## Work to be completed
The required output is the lines below from the line containing "a_star :: nat" to the line containing "(S \<inter> D0))", inclusive, retyped exactly. No other lines belong in it.

## Data for this task
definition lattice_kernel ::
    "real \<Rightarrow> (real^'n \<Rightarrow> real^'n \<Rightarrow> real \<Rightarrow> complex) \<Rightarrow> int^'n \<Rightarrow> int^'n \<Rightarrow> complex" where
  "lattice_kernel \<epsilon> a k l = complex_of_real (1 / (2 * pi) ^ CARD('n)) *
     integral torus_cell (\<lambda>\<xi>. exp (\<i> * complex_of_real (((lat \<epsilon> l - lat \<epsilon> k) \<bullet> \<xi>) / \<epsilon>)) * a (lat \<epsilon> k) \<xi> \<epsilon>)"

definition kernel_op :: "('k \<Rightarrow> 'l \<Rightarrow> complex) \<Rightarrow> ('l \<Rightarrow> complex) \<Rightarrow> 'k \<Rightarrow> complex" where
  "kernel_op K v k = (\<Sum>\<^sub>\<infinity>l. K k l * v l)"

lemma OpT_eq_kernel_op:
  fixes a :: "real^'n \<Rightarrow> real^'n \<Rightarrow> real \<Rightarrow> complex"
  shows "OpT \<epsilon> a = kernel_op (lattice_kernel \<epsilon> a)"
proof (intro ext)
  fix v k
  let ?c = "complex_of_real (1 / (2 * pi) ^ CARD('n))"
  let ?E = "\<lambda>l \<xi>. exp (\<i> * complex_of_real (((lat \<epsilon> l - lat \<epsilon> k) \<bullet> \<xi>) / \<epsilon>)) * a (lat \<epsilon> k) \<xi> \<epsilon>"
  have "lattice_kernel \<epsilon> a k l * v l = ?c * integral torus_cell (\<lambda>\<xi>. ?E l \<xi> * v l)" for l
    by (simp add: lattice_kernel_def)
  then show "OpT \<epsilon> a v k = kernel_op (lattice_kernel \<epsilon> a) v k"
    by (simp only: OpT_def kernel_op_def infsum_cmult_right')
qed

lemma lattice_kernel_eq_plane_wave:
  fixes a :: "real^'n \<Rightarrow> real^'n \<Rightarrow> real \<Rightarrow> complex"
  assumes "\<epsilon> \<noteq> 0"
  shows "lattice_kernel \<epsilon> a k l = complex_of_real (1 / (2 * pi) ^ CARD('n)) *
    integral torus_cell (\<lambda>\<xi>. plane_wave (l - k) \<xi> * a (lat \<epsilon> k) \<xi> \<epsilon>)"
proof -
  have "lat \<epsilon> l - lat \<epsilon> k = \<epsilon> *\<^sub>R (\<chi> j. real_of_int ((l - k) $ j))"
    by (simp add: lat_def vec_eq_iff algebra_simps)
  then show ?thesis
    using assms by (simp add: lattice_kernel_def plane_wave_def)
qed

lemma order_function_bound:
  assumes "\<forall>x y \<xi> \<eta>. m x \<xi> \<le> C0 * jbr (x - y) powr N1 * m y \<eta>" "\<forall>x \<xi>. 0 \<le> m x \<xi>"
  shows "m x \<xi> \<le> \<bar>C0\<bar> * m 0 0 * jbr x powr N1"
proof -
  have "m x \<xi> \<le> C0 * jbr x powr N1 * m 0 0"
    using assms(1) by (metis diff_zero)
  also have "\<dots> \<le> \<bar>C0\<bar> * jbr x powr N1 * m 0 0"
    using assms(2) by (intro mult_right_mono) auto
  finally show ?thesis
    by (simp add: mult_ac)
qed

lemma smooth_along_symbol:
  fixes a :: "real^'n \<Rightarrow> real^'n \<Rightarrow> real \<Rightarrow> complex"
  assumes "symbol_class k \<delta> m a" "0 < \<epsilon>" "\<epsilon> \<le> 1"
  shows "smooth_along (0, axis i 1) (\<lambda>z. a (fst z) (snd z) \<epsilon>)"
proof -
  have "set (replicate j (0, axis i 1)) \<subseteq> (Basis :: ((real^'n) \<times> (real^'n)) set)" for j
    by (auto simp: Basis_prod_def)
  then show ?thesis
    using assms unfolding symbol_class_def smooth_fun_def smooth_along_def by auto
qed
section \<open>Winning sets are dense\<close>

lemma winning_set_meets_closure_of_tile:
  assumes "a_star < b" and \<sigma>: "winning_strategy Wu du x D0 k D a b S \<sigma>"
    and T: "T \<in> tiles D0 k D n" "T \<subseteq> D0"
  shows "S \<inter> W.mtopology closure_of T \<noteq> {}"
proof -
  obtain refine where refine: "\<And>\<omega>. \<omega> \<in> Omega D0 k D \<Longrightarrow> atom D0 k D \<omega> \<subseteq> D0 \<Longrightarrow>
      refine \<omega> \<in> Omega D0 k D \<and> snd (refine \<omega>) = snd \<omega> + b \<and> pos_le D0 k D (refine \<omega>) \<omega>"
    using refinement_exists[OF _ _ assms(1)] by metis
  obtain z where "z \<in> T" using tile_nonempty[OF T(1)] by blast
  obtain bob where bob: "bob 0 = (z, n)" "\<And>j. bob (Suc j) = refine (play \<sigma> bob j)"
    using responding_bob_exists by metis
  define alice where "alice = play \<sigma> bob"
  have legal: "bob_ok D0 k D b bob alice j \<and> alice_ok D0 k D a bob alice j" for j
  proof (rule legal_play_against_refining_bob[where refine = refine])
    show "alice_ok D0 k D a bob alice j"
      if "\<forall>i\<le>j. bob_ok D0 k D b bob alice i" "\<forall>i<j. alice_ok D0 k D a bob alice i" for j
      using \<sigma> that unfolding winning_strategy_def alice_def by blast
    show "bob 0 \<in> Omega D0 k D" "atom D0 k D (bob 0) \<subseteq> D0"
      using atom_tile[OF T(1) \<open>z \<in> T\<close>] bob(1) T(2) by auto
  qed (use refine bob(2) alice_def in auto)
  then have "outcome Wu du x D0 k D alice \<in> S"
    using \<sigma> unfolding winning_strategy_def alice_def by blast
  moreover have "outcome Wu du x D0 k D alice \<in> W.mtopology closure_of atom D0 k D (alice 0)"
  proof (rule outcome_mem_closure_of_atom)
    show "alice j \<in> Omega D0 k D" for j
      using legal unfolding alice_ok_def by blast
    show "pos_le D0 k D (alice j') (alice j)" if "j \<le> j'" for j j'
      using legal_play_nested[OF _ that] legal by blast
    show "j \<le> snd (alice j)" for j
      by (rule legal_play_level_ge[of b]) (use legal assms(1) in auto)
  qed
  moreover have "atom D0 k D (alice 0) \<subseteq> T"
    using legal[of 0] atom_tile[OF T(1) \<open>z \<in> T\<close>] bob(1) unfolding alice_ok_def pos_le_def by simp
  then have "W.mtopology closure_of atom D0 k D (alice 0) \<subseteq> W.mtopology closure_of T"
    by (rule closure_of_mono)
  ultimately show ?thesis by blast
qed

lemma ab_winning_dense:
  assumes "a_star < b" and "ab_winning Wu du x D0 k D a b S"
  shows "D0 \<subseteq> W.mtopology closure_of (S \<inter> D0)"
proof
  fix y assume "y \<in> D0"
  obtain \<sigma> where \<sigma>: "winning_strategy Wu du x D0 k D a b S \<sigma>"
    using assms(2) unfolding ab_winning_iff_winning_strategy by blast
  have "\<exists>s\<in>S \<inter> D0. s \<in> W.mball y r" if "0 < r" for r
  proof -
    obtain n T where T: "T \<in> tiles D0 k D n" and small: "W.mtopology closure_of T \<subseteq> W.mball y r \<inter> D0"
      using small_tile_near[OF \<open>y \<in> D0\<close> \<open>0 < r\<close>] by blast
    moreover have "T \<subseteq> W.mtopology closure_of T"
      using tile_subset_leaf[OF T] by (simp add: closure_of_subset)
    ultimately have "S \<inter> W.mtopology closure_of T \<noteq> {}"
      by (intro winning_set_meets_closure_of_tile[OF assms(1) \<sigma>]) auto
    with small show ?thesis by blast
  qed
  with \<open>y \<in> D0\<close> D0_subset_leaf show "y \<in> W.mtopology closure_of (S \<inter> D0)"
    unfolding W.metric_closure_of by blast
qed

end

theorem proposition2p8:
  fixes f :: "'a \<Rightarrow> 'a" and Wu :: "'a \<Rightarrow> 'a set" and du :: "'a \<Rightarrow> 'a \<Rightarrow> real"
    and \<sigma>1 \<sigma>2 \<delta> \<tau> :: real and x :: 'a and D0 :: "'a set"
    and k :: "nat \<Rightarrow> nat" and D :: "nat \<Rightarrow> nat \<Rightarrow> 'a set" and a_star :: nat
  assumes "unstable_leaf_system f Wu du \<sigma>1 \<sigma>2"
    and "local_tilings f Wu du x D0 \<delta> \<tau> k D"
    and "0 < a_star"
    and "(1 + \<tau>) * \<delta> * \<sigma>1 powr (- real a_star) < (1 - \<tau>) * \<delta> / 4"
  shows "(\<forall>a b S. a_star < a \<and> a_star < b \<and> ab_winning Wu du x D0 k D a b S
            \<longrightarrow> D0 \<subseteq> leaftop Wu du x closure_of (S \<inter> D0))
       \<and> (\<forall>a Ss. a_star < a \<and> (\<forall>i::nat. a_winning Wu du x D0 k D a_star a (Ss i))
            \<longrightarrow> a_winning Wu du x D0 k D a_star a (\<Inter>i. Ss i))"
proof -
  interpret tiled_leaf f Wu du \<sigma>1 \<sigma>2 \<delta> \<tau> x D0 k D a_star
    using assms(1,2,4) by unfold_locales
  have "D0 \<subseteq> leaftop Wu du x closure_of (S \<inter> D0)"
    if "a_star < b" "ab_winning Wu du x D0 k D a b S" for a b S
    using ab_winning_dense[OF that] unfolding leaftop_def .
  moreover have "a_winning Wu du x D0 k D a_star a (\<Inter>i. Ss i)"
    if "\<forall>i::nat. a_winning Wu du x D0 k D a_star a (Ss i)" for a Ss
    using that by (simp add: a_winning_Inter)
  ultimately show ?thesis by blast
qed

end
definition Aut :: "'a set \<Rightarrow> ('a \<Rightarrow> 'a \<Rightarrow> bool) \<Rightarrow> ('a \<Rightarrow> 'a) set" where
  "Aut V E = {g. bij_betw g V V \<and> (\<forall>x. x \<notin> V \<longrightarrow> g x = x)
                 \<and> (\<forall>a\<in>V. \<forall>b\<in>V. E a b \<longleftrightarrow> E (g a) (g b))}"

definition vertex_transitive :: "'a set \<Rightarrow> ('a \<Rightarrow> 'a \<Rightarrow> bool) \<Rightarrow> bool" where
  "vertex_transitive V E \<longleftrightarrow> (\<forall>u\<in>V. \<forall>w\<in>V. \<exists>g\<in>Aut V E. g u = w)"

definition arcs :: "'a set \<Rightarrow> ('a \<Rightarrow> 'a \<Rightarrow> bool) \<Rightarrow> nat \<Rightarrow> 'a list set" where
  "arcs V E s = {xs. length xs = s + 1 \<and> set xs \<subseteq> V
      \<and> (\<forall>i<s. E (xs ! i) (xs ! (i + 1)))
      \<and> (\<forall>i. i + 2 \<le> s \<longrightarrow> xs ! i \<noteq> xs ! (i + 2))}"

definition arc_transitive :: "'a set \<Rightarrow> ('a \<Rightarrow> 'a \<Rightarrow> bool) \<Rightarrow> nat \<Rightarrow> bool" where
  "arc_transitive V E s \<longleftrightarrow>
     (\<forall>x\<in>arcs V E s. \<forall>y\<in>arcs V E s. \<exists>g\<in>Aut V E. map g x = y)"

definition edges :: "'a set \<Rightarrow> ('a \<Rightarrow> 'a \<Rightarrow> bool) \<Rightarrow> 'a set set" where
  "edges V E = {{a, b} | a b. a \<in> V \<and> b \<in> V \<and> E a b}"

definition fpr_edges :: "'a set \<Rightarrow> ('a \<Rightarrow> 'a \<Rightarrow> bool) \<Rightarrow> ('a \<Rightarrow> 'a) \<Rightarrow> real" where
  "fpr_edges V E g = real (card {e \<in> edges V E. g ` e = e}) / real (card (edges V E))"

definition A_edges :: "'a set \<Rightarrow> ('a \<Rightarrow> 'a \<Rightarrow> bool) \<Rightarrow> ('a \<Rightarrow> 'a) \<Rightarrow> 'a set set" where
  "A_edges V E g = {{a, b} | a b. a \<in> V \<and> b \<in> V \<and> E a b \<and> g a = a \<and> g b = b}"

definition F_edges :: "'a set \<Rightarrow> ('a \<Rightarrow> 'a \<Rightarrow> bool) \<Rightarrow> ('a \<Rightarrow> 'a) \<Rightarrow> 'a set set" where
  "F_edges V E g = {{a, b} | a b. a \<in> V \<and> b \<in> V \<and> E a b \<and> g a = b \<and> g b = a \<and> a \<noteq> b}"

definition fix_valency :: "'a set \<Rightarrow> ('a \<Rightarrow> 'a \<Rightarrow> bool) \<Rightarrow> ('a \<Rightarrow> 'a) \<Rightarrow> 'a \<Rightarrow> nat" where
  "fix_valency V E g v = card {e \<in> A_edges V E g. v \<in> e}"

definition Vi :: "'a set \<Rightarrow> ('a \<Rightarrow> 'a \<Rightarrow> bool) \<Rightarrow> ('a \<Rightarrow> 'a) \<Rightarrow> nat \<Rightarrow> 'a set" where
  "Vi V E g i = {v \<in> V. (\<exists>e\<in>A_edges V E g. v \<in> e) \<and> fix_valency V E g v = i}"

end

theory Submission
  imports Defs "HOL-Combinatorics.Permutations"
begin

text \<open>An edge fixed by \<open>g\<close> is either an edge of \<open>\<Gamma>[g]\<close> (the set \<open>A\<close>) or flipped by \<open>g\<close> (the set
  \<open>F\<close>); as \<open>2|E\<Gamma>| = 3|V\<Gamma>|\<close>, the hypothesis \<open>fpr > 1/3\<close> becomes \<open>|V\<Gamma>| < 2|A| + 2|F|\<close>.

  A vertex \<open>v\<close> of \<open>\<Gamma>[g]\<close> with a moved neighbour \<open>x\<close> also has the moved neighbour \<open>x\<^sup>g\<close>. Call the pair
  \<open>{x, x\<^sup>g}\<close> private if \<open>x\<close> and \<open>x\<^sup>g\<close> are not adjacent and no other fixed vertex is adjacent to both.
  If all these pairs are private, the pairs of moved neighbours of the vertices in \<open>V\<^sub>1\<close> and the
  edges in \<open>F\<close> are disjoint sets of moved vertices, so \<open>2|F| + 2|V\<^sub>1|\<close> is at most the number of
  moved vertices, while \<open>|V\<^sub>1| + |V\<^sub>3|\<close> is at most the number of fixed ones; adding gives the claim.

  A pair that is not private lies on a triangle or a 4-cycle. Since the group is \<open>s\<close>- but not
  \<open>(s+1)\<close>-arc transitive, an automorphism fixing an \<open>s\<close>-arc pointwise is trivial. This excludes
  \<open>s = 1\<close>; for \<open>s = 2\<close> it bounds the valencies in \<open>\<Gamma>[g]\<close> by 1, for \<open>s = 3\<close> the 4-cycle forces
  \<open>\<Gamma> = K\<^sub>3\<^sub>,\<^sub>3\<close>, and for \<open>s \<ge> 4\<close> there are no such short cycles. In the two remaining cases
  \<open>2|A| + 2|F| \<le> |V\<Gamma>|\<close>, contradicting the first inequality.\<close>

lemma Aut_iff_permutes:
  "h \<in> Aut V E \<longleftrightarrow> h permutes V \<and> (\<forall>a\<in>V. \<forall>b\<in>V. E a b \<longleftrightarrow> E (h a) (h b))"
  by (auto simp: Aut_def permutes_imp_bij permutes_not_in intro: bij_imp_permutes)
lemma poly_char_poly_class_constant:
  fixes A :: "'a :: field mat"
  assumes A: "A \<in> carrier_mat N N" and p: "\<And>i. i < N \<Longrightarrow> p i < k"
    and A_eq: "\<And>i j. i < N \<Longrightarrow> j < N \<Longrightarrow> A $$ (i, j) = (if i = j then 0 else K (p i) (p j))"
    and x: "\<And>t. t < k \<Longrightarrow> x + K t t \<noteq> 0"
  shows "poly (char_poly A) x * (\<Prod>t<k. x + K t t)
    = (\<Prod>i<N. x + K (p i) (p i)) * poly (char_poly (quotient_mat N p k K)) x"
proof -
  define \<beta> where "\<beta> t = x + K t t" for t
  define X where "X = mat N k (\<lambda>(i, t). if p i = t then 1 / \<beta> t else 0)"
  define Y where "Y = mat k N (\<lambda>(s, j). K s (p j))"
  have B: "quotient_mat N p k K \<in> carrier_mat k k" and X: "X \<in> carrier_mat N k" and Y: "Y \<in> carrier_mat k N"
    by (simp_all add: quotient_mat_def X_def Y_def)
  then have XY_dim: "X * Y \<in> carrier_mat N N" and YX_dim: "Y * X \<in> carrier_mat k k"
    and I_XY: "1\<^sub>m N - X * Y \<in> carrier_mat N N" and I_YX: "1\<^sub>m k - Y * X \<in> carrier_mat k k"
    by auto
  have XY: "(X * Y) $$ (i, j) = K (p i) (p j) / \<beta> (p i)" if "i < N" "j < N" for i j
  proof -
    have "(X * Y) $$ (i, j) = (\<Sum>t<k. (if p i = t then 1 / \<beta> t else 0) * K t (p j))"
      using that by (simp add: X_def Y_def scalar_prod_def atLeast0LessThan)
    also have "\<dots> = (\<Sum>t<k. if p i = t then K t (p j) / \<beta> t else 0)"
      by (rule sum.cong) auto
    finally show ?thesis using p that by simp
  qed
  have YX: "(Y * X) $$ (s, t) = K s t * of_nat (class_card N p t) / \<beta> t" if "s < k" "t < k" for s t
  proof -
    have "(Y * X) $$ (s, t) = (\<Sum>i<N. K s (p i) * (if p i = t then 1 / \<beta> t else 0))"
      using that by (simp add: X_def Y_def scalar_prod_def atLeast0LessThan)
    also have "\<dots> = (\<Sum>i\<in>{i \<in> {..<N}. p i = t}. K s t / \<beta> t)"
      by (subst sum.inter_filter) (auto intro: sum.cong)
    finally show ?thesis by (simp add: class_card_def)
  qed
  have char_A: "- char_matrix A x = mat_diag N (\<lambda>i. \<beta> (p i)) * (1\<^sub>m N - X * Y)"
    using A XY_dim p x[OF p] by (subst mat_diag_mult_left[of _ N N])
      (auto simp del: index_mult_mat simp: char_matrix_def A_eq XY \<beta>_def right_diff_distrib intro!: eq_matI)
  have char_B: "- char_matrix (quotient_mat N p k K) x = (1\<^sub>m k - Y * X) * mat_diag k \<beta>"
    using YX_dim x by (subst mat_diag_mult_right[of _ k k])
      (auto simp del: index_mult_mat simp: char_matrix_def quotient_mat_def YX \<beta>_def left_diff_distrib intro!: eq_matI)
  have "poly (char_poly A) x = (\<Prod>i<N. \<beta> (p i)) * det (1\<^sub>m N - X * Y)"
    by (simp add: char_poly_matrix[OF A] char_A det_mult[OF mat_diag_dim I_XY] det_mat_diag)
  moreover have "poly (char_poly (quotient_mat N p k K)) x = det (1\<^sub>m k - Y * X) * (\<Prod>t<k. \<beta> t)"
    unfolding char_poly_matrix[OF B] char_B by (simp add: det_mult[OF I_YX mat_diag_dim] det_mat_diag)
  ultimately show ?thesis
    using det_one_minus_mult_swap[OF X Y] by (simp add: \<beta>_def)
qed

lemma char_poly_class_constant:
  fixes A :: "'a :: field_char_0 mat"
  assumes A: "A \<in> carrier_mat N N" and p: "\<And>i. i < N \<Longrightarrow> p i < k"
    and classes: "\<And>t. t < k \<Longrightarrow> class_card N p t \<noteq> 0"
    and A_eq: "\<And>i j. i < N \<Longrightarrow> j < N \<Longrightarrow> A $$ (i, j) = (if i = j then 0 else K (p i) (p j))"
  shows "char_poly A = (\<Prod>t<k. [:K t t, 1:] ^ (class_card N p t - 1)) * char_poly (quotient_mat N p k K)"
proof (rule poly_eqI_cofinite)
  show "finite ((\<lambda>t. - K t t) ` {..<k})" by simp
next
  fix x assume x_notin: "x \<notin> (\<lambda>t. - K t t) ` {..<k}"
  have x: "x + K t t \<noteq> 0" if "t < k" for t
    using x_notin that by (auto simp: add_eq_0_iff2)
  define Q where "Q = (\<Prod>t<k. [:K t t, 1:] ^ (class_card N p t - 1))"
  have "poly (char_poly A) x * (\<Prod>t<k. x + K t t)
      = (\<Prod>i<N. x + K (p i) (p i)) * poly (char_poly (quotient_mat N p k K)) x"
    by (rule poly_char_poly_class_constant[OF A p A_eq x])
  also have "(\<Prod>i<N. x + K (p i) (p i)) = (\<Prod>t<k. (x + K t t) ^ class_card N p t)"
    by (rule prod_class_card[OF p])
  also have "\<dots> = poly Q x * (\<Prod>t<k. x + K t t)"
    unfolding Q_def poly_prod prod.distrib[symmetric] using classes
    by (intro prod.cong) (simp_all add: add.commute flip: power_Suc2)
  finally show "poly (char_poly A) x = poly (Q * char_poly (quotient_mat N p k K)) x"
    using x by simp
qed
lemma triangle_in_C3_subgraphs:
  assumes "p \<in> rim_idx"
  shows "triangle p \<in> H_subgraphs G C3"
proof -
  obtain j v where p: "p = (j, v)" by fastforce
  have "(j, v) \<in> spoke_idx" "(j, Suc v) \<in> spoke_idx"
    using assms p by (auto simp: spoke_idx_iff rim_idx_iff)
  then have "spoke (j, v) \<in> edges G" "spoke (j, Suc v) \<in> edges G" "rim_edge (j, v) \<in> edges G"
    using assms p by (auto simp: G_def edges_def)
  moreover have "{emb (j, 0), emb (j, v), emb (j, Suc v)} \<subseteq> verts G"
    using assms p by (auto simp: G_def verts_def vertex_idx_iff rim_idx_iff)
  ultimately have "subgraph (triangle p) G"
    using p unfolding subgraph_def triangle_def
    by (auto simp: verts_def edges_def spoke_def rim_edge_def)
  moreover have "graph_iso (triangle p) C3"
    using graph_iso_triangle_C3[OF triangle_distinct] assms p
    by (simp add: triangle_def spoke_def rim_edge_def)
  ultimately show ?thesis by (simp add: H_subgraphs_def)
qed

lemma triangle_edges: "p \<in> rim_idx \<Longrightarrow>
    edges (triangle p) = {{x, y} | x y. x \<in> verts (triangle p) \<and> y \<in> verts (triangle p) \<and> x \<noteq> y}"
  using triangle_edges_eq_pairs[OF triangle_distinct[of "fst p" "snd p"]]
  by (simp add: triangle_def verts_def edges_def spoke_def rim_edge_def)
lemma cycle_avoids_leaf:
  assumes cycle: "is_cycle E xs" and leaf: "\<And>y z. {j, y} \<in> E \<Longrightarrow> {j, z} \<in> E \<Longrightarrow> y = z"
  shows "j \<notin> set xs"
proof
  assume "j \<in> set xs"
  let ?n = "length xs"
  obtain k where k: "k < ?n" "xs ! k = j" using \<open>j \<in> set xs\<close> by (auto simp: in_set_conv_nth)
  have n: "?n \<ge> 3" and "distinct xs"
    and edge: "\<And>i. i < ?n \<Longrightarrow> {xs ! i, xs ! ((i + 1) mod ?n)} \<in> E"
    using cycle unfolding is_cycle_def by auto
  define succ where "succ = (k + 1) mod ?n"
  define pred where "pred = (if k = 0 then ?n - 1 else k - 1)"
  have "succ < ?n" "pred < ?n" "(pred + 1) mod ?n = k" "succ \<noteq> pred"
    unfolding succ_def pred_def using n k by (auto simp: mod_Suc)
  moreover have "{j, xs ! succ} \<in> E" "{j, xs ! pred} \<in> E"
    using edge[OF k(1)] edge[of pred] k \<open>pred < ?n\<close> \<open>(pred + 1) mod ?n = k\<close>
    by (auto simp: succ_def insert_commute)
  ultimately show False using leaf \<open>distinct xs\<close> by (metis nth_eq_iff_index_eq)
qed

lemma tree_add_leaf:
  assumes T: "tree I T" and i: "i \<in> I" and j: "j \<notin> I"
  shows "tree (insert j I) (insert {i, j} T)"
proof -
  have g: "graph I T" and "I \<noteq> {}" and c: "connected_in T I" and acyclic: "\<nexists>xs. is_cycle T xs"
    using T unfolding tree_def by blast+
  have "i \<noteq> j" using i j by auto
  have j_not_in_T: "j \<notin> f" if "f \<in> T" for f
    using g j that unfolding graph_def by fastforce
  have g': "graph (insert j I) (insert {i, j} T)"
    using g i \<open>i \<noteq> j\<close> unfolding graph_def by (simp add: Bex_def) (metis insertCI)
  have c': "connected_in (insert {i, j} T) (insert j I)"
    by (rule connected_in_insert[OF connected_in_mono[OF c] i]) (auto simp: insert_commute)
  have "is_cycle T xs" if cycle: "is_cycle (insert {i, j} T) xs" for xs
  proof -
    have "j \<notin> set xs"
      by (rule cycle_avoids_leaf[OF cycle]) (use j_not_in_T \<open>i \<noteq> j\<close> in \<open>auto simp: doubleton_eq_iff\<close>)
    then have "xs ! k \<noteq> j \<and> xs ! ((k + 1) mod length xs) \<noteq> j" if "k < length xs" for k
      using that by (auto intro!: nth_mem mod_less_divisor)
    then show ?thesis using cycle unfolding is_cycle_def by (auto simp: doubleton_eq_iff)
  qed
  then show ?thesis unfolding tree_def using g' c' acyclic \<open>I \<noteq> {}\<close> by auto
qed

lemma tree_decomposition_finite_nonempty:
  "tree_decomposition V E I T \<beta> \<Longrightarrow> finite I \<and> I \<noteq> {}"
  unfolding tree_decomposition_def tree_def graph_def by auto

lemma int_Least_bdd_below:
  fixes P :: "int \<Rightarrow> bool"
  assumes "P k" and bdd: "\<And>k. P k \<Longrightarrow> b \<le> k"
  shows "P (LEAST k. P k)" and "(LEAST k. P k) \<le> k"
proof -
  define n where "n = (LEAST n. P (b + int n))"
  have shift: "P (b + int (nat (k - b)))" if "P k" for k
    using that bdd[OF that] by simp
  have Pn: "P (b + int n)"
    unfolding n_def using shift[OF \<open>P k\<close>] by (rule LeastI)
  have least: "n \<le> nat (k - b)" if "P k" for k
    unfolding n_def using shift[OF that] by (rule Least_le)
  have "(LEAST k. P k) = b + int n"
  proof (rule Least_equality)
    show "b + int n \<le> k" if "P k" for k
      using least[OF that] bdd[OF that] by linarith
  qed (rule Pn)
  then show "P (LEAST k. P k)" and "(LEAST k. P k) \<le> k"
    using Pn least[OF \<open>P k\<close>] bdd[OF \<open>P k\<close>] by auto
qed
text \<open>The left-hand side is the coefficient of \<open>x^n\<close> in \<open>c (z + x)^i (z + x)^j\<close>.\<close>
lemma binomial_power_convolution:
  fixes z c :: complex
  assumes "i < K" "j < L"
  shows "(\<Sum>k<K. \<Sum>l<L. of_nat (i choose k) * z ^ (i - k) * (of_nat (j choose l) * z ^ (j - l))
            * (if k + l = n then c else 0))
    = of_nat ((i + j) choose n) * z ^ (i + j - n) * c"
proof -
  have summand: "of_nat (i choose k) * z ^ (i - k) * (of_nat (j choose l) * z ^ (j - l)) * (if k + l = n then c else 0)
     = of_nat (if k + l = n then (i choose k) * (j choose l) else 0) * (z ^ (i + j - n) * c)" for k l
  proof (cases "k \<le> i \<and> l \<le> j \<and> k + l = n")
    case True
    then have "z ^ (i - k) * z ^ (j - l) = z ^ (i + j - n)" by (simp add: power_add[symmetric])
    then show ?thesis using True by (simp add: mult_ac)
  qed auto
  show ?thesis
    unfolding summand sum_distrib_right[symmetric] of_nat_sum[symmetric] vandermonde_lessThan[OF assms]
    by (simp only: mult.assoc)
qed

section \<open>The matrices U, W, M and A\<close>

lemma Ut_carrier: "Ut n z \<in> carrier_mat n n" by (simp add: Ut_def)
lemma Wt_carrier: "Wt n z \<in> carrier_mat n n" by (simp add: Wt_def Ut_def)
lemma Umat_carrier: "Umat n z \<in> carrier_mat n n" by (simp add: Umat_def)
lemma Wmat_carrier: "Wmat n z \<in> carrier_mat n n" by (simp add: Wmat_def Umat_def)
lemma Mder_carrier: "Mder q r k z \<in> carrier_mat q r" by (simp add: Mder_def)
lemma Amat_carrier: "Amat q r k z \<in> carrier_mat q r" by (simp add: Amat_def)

## Answer for the task
    and k :: "nat \<Rightarrow> nat" and D :: "nat \<Rightarrow> nat \<Rightarrow> 'a set" and a_star :: nat
  assumes "unstable_leaf_system f Wu du \<sigma>1 \<sigma>2"
    and "local_tilings f Wu du x D0 \<delta> \<tau> k D"
    and "0 < a_star"
    and "(1 + \<tau>) * \<delta> * \<sigma>1 powr (- real a_star) < (1 - \<tau>) * \<delta> / 4"
  shows "(\<forall>a b S. a_star < a \<and> a_star < b \<and> ab_winning Wu du x D0 k D a b S
            \<longrightarrow> D0 \<subseteq> leaftop Wu du x closure_of (S \<inter> D0))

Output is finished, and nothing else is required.